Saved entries
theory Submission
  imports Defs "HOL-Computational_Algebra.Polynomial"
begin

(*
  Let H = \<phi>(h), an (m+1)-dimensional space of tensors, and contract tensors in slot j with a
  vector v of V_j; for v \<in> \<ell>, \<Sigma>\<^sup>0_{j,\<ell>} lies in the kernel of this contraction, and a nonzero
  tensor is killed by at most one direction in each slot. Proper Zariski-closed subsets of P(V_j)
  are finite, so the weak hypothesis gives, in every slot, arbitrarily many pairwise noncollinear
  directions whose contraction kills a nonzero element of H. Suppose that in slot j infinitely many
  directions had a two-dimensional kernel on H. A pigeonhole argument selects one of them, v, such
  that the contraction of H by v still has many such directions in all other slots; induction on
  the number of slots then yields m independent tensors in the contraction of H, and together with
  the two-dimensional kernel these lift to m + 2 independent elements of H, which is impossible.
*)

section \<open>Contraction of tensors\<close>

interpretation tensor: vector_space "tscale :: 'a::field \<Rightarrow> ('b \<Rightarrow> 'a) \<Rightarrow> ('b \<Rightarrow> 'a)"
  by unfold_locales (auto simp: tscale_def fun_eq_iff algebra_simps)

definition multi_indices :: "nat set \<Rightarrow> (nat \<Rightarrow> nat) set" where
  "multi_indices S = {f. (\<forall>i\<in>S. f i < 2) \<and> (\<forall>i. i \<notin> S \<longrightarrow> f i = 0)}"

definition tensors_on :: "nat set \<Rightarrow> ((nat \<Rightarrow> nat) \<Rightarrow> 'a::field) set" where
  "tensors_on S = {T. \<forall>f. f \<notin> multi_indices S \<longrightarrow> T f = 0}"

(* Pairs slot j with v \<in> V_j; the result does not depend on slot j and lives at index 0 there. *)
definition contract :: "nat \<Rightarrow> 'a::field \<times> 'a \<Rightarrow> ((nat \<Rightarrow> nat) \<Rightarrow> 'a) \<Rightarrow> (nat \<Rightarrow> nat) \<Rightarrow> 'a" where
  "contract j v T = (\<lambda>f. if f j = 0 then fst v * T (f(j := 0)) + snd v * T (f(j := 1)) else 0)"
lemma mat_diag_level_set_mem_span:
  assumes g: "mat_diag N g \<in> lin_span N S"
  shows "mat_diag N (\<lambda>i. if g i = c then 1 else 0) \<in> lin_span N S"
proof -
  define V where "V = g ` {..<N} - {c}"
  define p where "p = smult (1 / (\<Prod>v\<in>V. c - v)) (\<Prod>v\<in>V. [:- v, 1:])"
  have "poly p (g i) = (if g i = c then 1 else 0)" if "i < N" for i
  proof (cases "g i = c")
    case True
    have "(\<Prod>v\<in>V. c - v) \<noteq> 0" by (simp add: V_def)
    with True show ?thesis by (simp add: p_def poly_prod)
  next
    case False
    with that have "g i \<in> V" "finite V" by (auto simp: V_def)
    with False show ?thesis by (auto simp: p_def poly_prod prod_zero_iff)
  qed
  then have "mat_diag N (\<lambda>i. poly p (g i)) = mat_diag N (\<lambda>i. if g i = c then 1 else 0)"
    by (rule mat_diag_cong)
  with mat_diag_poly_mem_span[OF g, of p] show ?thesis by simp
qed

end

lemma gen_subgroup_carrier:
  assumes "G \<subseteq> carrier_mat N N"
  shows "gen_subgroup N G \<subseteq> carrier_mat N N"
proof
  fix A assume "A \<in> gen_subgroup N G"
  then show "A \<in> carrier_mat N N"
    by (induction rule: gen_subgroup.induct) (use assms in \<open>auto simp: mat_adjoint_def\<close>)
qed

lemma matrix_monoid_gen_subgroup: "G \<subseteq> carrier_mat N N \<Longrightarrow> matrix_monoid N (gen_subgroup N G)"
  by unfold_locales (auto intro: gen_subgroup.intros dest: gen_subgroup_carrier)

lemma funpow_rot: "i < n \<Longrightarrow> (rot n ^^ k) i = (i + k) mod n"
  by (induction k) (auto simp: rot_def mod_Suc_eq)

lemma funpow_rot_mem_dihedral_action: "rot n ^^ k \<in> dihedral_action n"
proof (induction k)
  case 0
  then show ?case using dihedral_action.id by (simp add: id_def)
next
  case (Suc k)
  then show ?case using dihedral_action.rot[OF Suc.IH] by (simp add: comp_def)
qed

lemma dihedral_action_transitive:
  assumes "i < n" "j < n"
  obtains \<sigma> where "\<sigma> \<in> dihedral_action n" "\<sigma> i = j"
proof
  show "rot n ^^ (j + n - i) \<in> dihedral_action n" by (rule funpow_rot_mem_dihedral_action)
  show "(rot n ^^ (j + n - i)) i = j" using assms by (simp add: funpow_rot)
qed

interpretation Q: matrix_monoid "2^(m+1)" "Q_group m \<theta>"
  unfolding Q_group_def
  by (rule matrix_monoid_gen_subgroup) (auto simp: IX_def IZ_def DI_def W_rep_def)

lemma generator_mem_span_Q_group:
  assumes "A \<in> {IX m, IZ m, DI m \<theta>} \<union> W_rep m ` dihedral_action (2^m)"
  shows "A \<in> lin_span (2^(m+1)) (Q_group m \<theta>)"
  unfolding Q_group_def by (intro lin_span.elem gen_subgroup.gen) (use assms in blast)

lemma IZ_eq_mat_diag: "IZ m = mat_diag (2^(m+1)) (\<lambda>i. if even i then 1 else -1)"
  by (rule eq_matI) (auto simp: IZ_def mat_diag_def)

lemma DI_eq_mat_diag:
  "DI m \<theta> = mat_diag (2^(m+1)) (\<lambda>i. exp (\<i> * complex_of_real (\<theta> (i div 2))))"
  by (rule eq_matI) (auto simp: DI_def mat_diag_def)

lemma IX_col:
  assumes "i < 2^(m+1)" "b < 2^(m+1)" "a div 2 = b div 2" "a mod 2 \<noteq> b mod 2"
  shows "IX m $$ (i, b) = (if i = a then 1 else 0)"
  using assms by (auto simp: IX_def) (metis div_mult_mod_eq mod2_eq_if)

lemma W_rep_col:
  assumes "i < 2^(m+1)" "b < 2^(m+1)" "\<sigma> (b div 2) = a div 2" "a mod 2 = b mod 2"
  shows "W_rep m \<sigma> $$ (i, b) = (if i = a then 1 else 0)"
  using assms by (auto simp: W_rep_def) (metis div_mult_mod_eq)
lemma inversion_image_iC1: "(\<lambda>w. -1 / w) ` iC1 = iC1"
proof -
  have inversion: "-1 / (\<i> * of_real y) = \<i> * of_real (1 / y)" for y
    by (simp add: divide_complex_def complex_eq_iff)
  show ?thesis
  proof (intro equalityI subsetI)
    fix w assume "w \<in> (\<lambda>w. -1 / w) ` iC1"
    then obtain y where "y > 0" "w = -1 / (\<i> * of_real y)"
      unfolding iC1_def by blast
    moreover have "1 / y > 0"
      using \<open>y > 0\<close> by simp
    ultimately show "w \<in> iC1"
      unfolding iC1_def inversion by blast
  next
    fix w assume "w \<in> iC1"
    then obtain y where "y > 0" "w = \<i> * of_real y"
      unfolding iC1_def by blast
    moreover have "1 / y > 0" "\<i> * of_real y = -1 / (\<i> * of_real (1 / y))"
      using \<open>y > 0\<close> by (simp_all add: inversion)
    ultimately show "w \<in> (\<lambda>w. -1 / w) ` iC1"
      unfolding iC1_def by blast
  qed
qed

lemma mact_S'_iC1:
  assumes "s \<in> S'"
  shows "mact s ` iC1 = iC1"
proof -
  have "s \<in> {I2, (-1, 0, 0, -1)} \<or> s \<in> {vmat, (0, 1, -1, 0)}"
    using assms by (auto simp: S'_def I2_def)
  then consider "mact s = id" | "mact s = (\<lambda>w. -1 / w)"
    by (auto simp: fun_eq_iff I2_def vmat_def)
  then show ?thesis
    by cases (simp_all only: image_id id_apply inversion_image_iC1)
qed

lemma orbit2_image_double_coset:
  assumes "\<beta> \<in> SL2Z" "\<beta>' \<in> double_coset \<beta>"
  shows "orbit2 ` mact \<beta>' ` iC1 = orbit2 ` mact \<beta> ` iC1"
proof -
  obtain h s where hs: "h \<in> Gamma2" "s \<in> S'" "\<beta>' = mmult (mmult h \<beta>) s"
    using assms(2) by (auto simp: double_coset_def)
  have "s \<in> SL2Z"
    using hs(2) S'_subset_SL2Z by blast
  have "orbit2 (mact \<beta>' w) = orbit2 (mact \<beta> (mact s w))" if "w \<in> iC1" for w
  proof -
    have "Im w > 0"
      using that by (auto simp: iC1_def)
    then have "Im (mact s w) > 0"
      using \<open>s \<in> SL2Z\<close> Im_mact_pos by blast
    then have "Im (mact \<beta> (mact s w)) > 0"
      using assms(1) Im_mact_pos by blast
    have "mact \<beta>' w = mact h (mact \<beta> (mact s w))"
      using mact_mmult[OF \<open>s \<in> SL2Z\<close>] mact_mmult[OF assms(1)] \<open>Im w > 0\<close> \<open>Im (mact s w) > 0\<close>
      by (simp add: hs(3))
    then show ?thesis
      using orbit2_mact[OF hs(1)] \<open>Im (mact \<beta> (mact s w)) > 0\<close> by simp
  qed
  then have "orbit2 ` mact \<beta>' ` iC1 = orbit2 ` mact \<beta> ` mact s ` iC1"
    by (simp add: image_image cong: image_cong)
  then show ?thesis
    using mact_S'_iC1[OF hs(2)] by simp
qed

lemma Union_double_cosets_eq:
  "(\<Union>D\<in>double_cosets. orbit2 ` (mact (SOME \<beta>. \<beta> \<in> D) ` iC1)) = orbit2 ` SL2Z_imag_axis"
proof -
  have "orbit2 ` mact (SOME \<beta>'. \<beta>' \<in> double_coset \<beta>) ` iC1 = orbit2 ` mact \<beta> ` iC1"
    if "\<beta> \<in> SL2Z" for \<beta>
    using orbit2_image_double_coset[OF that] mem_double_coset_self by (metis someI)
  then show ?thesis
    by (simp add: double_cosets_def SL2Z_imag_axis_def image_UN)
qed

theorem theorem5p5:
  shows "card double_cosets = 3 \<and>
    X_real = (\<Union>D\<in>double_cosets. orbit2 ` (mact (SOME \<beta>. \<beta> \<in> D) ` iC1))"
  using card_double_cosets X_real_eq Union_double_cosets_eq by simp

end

Work to be completed: Each line holding the word "ultimately" must be copied from the data.

Solution to the exercise:
    ultimately show "w \<in> iC1"
    ultimately show "w \<in> (\<lambda>w. -1 / w) ` iC1"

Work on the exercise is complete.